━━ Data ━━

lemma sprod_sone: "sprod F sone = F"
proof (intro ext)
  fix h e x
  have "sprod_support F sone h e x = (if F h e x = 0 then {} else {((h,e,x),(0,0,\<lambda>_. 0))})"
  proof -
    have "((h1,e1,x1),(h2,e2,x2)) \<in> sprod_support F sone h e x \<longleftrightarrow>
        F h e x \<noteq> 0 \<and> (h1,e1,x1) = (h,e,x) \<and> (h2,e2,x2) = (0,0,\<lambda>_. 0)" for h1 e1 x1 h2 e2 x2
      by (auto simp: sprod_support_def sone_def fun_eq_iff[symmetric] split: if_splits)
    then show ?thesis by auto
  qed
  then show "sprod F sone h e x = F h e x"
    by (simp add: sprod_eq_sum_support sone_def)
qed

lemma sprod_eq_sum_cover:
  fixes F G :: "'a::comm_ring_1 ser"
  assumes "finite M" "inj_on p M" "p ` M \<subseteq> splittings h e x"
    and "sprod_support F G h e x \<subseteq> p ` M"
  shows "sprod F G h e x =
    (\<Sum>m\<in>M. case p m of ((h1,e1,x1),(h2,e2,x2)) \<Rightarrow> F h1 e1 x1 * G h2 e2 x2)"
proof -
  let ?t = "\<lambda>q. case q of ((h1,e1,x1),(h2,e2,x2)) \<Rightarrow> F h1 e1 x1 * G h2 e2 x2"
  have "?t q = 0" if "q \<in> p ` M - sprod_support F G h e x" for q
  proof -
    have "q \<in> splittings h e x" "q \<notin> sprod_support F G h e x" using that assms(3) by auto
    then show ?thesis by (cases q) (auto simp: mem_sprod_support)
  qed
  then have "sum ?t (sprod_support F G h e x) = sum ?t (p ` M)"
    using assms(1,4) by (intro sum.mono_neutral_left) auto
  then show ?thesis
    by (simp add: sprod_eq_sum_support sum.reindex[OF assms(2)])
qed

definition nonzero_splittings :: "'a::comm_ring_1 ser \<Rightarrow> 'a ser \<Rightarrow> (nat \<Rightarrow> int) \<Rightarrow>
    ((nat \<Rightarrow> int) \<times> (nat \<Rightarrow> int)) set" where
  "nonzero_splittings F G x = {(z1, z2). (\<forall>i. z1 i + z2 i = x i) \<and> F 0 0 z1 \<noteq> 0 \<and> G 0 0 z2 \<noteq> 0}"

lemma sprod_eq_sum_nonzero_splittings:
  fixes F G :: "'a::comm_ring_1 ser"
  assumes "finite (nonzero_splittings F G x)"
    and "\<And>h e z. F h e z \<noteq> 0 \<Longrightarrow> h = 0 \<and> e = 0" "\<And>h e z. G h e z \<noteq> 0 \<Longrightarrow> h = 0 \<and> e = 0"
  shows "sprod F G 0 0 x = (\<Sum>(z1, z2)\<in>nonzero_splittings F G x. F 0 0 z1 * G 0 0 z2)"
proof -
  let ?p = "\<lambda>(z1, z2). (((0::int), (0::nat), z1), ((0::int), (0::nat), z2))"
  have "sprod F G 0 0 x = (\<Sum>z\<in>nonzero_splittings F G x.
      case ?p z of ((h1,e1,x1),(h2,e2,x2)) \<Rightarrow> F h1 e1 x1 * G h2 e2 x2)"
  proof (rule sprod_eq_sum_cover[OF assms(1)])
    show "sprod_support F G 0 0 x \<subseteq> ?p ` nonzero_splittings F G x"
    proof
      fix q assume q: "q \<in> sprod_support F G 0 0 x"
      obtain h1 e1 z1 h2 e2 z2 where qq: "q = ((h1,e1,z1),(h2,e2,z2))" by (cases q) auto
      from q have F: "F h1 e1 z1 \<noteq> 0" and G: "G h2 e2 z2 \<noteq> 0"
        and "((h1,e1,z1),(h2,e2,z2)) \<in> splittings 0 0 x"
        unfolding qq mem_sprod_support by blast+
      then have "\<forall>i. z1 i + z2 i = x i"
        by (simp add: splittings_def)
      with F G assms(2)[OF F] assms(3)[OF G] show "q \<in> ?p ` nonzero_splittings F G x"
        unfolding qq nonzero_splittings_def by (auto intro!: image_eqI[where x = "(z1, z2)"])
    qed
  qed (auto simp: inj_on_def splittings_def nonzero_splittings_def)
  then show ?thesis
    by (simp add: case_prod_beta)
qed

lemma ssum_eq_sum:
  assumes "finite A" "A \<subseteq> I" "\<And>i. i \<in> I \<Longrightarrow> F i h e x \<noteq> 0 \<Longrightarrow> i \<in> A"
  shows "ssum F I h e x = (\<Sum>i\<in>A. F i h e x)"
  unfolding ssum_def using assms by (intro sum.mono_neutral_left) auto

lemma ssum_eq_single:
  assumes "c \<in> I" "\<And>i. i \<in> I \<Longrightarrow> F i h e x \<noteq> 0 \<Longrightarrow> i = c"
  shows "ssum F I h e x = F c h e x"
  using ssum_eq_sum[of "{c}" I F h e x] assms by simp

lemma ssum_nonzero_imp: "ssum F I h e x \<noteq> 0 \<Longrightarrow> \<exists>i\<in>I. F i h e x \<noteq> 0"
  unfolding ssum_def by (force intro: sum.neutral)

lemma ssubst_cong_slice:
  "(\<And>z. F h e z = G h' e' z) \<Longrightarrow> ssubst v F h e x = ssubst v G h' e' x"
  by (simp add: ssubst_def)

lemma opSig_u1: "opSig v F h (Suc 0) x = F (h - 1) 0 x"
  by (simp add: opSig_def Sco_def)

lemma opSig_u2: "opSig v F h 2 x = F (h - 1) 1 x"
  by (simp add: opSig_def numeral_2_eq_2 Sco_def)

text \<open>1/(hbar S(u hbar)) and S(u hbar D_1) are even in u with constant terms 1/hbar and 1, so
  against a series of u-order at least one only these constant terms reach u^2.\<close>

lemma sprod_sinvS_opS1_u2:
  fixes G :: "'a::field_char_0 ser"
  assumes "u_order_ge G 1"
  shows "sprod sinvS (opS1 G) h 2 x = G (h + 1) 2 x"
proof -
  let ?p = "\<lambda>e1::nat. ((int e1 - 1, e1, (\<lambda>_. 0::int)), (h - int e1 + 1, 2 - e1, x))"
  have "sprod sinvS (opS1 G) h 2 x = (\<Sum>e1\<in>{0,1,2}. sinvS (int e1 - 1) e1 (\<lambda>_. 0) *
      opS1 G (h - int e1 + 1) (2 - e1) x)"
  proof (subst sprod_eq_sum_cover)
    show "sprod_support sinvS (opS1 G) h 2 x \<subseteq> ?p ` {0,1,2}"
    proof
      fix q assume q: "q \<in> sprod_support sinvS (opS1 G) h 2 x"
      obtain h1 e1 x1 h2 e2 x2 where qq: "q = ((h1,e1,x1),(h2,e2,x2))" by (cases q) auto
      from q[unfolded qq] have "x1 = (\<lambda>_. 0)" "h1 = int e1 - 1" "e1 \<le> 2" "e2 = 2 - e1"
          "h2 = h - int e1 + 1" "x2 = x"
        by (auto simp: sprod_support_def sinvS_def split: if_splits)
      then show "q \<in> ?p ` {0,1,2}" unfolding qq by auto
    qed
  qed (auto simp: inj_on_def splittings_def)
  also have "\<dots> = opS1 G (h + 1) 2 x + sinvS 1 2 (\<lambda>_. 0) * opS1 G (h - 1) 0 x"
    by (simp add: sinvS_def Sfps_def fps_inverse_def Sco_def)
  also have "\<dots> = G (h + 1) 2 x"
    using u_order_geD[OF assms] by (simp add: opS1_def numeral_2_eq_2 Sco_def)
  finally show ?thesis .
qed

━━━

# Try it:
When a line in the records above contains the word "intro", copy it.

# Task result:
proof (intro ext)
    using assms(1,4) by (intro sum.mono_neutral_left) auto
        unfolding qq nonzero_splittings_def by (auto intro!: image_eqI[where x = "(z1, z2)"])
  unfolding ssum_def using assms by (intro sum.mono_neutral_left) auto
  unfolding ssum_def by (force intro: sum.neutral)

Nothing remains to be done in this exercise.